State v. McNellis

Decision Date26 July 2019
Docket NumberNo. 118,420,118,420
Citation444 P.3d 1017 (Table)
Parties STATE of Kansas, Appellee, v. Kevin William MCNELLIS, Appellant.
CourtKansas Court of Appeals

Kevin W. McNellis, appellant pro se.

Kendra Lewison, assistant county attorney, Barry Wilkerson, county attorney, and Derek Schmidt, attorney general, for appellee.

Before Leben, P.J., Green and Powell, JJ.

MEMORANDUM OPINION

Per Curiam:

Kevin McNellis, who represents himself on appeal, appeals his conviction and sentence for battery against his wife, Kara. We will summarize the rulings we are making on the many issues McNellis has raised before explaining our decision in more detail. In McNellis' brief on appeal, he lists 19 separate issues. We have reorganized them a bit—now showing 11 issues—but have addressed the points he raised.

First, McNellis complains about the record on appeal and his access to it. He complains that the district court didn't properly handle motions he filed to add items to the appellate record and that the district court didn't send him a paper copy of its records. But some items he wanted in the record couldn't properly be included—his correspondence with his attorneys may relate to an ineffective-assistance-of-counsel claim that he could raise in a later habeas corpus proceeding but no habeas claim is now before us. And we cannot identify any other document that hasn't been included in the record that might reasonably affect resolution of the issues he has raised on appeal. As for the availability to him of a paper copy of the record, the district court clerk made the record available to him electronically at the courthouse. McNellis suggests that because he lives hundreds of miles away, the clerk's efforts here are not ideal. But McNellis was also represented for a time by an attorney who had the full record, and McNellis acknowledges that his former attorney's assistant sent McNellis "the last known record on appeal dated November 2017, with all items on record attached accordingly with PDF files, or similar ...." Since the full record at that time was provided to McNellis by his former attorney and the clerk made the full trial-court record available (even if only at the clerk's office), we find no reversible error here in the handling of the record.

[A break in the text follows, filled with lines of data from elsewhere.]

(* For every integer $v\ge 1$, with $\partial_z=d/dz$, $$\prod_{n=1}^{v-1}\left(\partial_z^2+4n^2\right)\csc^2 z=(2v-1)!\,\csc^{2v}z .$$ (For $v=1$ the product is empty and the identity reads $\csc^2 z=\csc^2 z$.)
   Context: The identity is between functions of a real (or complex) variable $z$ away from the zeros of $\sin z$. The operators $\partial_z^2+4n^2$ commute, so the order of the product is irrelevant. *)

theory Defs
  imports "HOL-Analysis.Analysis"
begin

definition shift_op :: "nat \<Rightarrow> (real \<Rightarrow> real) \<Rightarrow> (real \<Rightarrow> real)" where
  "shift_op n f = (\<lambda>z. deriv (deriv f) z + 4 * (real n)^2 * f z)"

fun prod_op :: "nat \<Rightarrow> (real \<Rightarrow> real) \<Rightarrow> (real \<Rightarrow> real)" where
  "prod_op 0 f = f"
| "prod_op (Suc m) f = shift_op (Suc m) (prod_op m f)"

definition cosec :: "real \<Rightarrow> real" where
  "cosec z = 1 / sin z"

end

theory Submission
  imports Defs
begin

text \<open>
  Differentiating twice, \<open>(csc^N)'' = N(N+1) csc^(N+2) - N^2 csc^N\<close>, so
  \<open>(\<partial>^2 + N^2) csc^N = N(N+1) csc^(N+2)\<close>. Applying the factors in the order
  \<open>n = 1, 2, \<dots>\<close>, the factor \<open>\<partial>^2 + 4n^2\<close> meets exactly \<open>csc^(2n)\<close>, and the
  coefficients \<open>2n(2n+1)\<close> accumulate to \<open>(2v-1)!\<close>.
\<close>

lemma open_sin_nonzero: "open {x::real. sin x \<noteq> 0}"
  by (intro open_Collect_neq continuous_intros)

lemma deriv_cong_open:
  assumes "open S" "x \<in> S" "\<And>y. y \<in> S \<Longrightarrow> f y = g y"
  shows "deriv f x = deriv g x"
  by (intro deriv_cong_ev refl eventually_mono[OF eventually_nhds_in_open[OF assms(1,2)]] assms(3))

lemma sin_mult_cosec: "sin x \<noteq> 0 \<Longrightarrow> sin x * cosec x = 1"
  by (simp add: cosec_def)

lemma has_real_derivative_cosec:
  assumes "sin x \<noteq> 0"
  shows "(cosec has_real_derivative - cos x * (cosec x)^2) (at x)"
proof -
  have "((\<lambda>x. inverse (sin x)) has_real_derivative - (inverse (sin x) * cos x * inverse (sin x))) (at x)"
    using assms by (auto intro!: derivative_eq_intros)
  moreover have "cosec = (\<lambda>x. inverse (sin x))"
    by (simp add: fun_eq_iff cosec_def inverse_eq_divide)
  ultimately show ?thesis
    by (simp add: power2_eq_square cosec_def inverse_eq_divide)
qed

lemma has_real_derivative_cosec_power:
  assumes "sin x \<noteq> 0"
  shows "((\<lambda>x. c * cosec x ^ N) has_real_derivative - c * real N * cos x * cosec x ^ Suc N) (at x)"
proof -
  have "((\<lambda>x. c * cosec x ^ N) has_real_derivative
          c * (real N * (- cos x * (cosec x)^2 * cosec x ^ (N - Suc 0)))) (at x)"
    by (intro DERIV_cmult DERIV_power has_real_derivative_cosec assms)
  moreover have "c * (real N * (- cos x * (cosec x)^2 * cosec x ^ (N - Suc 0)))
      = - c * real N * cos x * cosec x ^ Suc N"
    by (cases N) (simp_all add: power2_eq_square)
  ultimately show ?thesis by (simp only:)
qed

lemma has_real_derivative_cosec_power_deriv:
  assumes "sin x \<noteq> 0"
  shows "((\<lambda>x. - c * real N * cos x * cosec x ^ Suc N) has_real_derivative
           c * real N * (real N + 1) * cosec x ^ (N + 2) - c * (real N)^2 * cosec x ^ N) (at x)"
proof -
  have "((\<lambda>x. (- c * real N * cos x) * cosec x ^ Suc N) has_real_derivative
           (- c * real N * - sin x) * cosec x ^ Suc N
           + (1 + real N) * (- cos x * (cosec x)^2 * cosec x ^ N) * (- c * real N * cos x)) (at x)"
    by (intro DERIV_mult DERIV_cmult DERIV_cos DERIV_power_Suc has_real_derivative_cosec assms)
  moreover have "(- c * real N * - sin x) * cosec x ^ Suc N
           + (1 + real N) * (- cos x * (cosec x)^2 * cosec x ^ N) * (- c * real N * cos x)
      = c * real N * cosec x ^ N * (sin x * cosec x)
        + c * real N * (real N + 1) * cosec x ^ N * ((cos x)^2 * (cosec x)^2)"
    by (simp add: algebra_simps power2_eq_square)
  also have "(cos x)^2 * (cosec x)^2 = (cosec x)^2 - (sin x * cosec x)^2"
    by (simp add: cos_squared_eq algebra_simps power_mult_distrib)
  also have "sin x * cosec x = 1"
    using assms by (rule sin_mult_cosec)
  also have "c * real N * cosec x ^ N * 1 + c * real N * (real N + 1) * cosec x ^ N * ((cosec x)^2 - 1^2)
      = c * real N * (real N + 1) * cosec x ^ (N + 2) - c * (real N)^2 * cosec x ^ N"
    by (simp add: algebra_simps power2_eq_square)
  ultimately show ?thesis by (simp only:)
qed

lemma deriv_deriv_cosec_power:
  assumes "sin z \<noteq> 0"
  shows "deriv (deriv (\<lambda>x. c * cosec x ^ N)) z
           = c * real N * (real N + 1) * cosec z ^ (N + 2) - c * (real N)^2 * cosec z ^ N"
proof -
  have "deriv (deriv (\<lambda>x. c * cosec x ^ N)) z = deriv (\<lambda>x. - c * real N * cos x * cosec x ^ Suc N) z"
    by (intro deriv_cong_open[OF open_sin_nonzero] DERIV_imp_deriv has_real_derivative_cosec_power)
       (use assms in auto)
  also have "\<dots> = c * real N * (real N + 1) * cosec z ^ (N + 2) - c * (real N)^2 * cosec z ^ N"
    by (intro DERIV_imp_deriv has_real_derivative_cosec_power_deriv assms)
  finally show ?thesis .
qed

lemma shift_op_cosec_power:
  assumes "sin z \<noteq> 0"
  shows "shift_op n (\<lambda>x. c * cosec x ^ (2 * n)) z = c * (2 * real n * (2 * real n + 1)) * cosec z ^ (2 * n + 2)"
  using deriv_deriv_cosec_power[OF assms, of c "2 * n"]
  by (simp add: shift_op_def algebra_simps power2_eq_square)

text \<open>
  Off the zeros of \<open>sin\<close> the iterates agree with \<open>c csc\<^sup>N\<close> only, not globally
  (\<open>deriv\<close> takes junk values at the poles), so the induction needs this local congruence.
\<close>
lemma shift_op_cong_open:
  assumes "open S" "z \<in> S" "\<And>x. x \<in> S \<Longrightarrow> f x = g x"
  shows "shift_op n f z = shift_op n g z"
proof -
  have "deriv f x = deriv g x" if "x \<in> S" for x
    using assms(1) that assms(3) by (rule deriv_cong_open)
  then have "deriv (deriv f) z = deriv (deriv g) z"
    using assms(1,2) by (rule deriv_cong_open[rotated 2])
  with assms(2,3) show ?thesis by (simp add: shift_op_def)
qed

lemma prod_op_cosec_squared:
  "sin z \<noteq> 0 \<Longrightarrow> prod_op k (\<lambda>x. (cosec x)^2) z = fact (2 * k + 1) * cosec z ^ (2 * k + 2)"
proof (induction k arbitrary: z)
  case 0
  then show ?case by (simp add: power2_eq_square)
next
  case (Suc k)
  have "prod_op (Suc k) (\<lambda>x. (cosec x)^2) z
      = shift_op (Suc k) (\<lambda>x. fact (2 * k + 1) * cosec x ^ (2 * Suc k)) z"
    using Suc by (auto intro: shift_op_cong_open[OF open_sin_nonzero])
  also have "\<dots> = fact (2 * k + 1) * (2 * real (Suc k) * (2 * real (Suc k) + 1)) * cosec z ^ (2 * Suc k + 2)"
    using Suc.prems by (rule shift_op_cosec_power)
  also have "fact (2 * k + 1) * (2 * real (Suc k) * (2 * real (Suc k) + 1)) = (fact (2 * Suc k + 1) :: real)"
    by (simp add: fact_Suc algebra_simps)
  finally show ?case .
qed

theorem mainTheorem1:
  fixes m :: nat and z :: real
  assumes "m \<ge> 1" and "sin z \<noteq> 0"
  shows "prod_op (m - 1) (\<lambda>x. (cosec x)^2) z = fact (2*m - 1) * (cosec z)^(2*m)"
proof -
  obtain k where "m = Suc k"
    using assms(1) by (cases m) auto
  then show ?thesis
    using prod_op_cosec_squared[OF assms(2), of k] by simp
qed

end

Second, McNellis addresses alleged errors involving the withdrawal of his trial attorney. But McNellis doesn't show how this had any impact on the trial. McNellis represented himself at trial, and he hasn't suggested he provided inadequate representation. With no connection between this claim and the trial outcome, McNellis hasn't shown a trial error involving his prior attorney.

Third, McNellis raises a series of issues related to the State's grant of immunity to Kara at the preliminary hearing. But he once again doesn't show how this affected his trial and he didn't object at the preliminary hearing to the State's grant of immunity to Kara. Because he didn't raise the issue in the district court, he cannot raise it on appeal.

Fourth, McNellis claims that the court erred by allowing officer Matt Pfrang to refresh his memory by looking at his police report—which McNellis calls a script—while testifying at the preliminary hearing. But a witness who has an independent recollection of the subject matter can use a document to refresh memory, so the court didn't err in allowing the officer to do so.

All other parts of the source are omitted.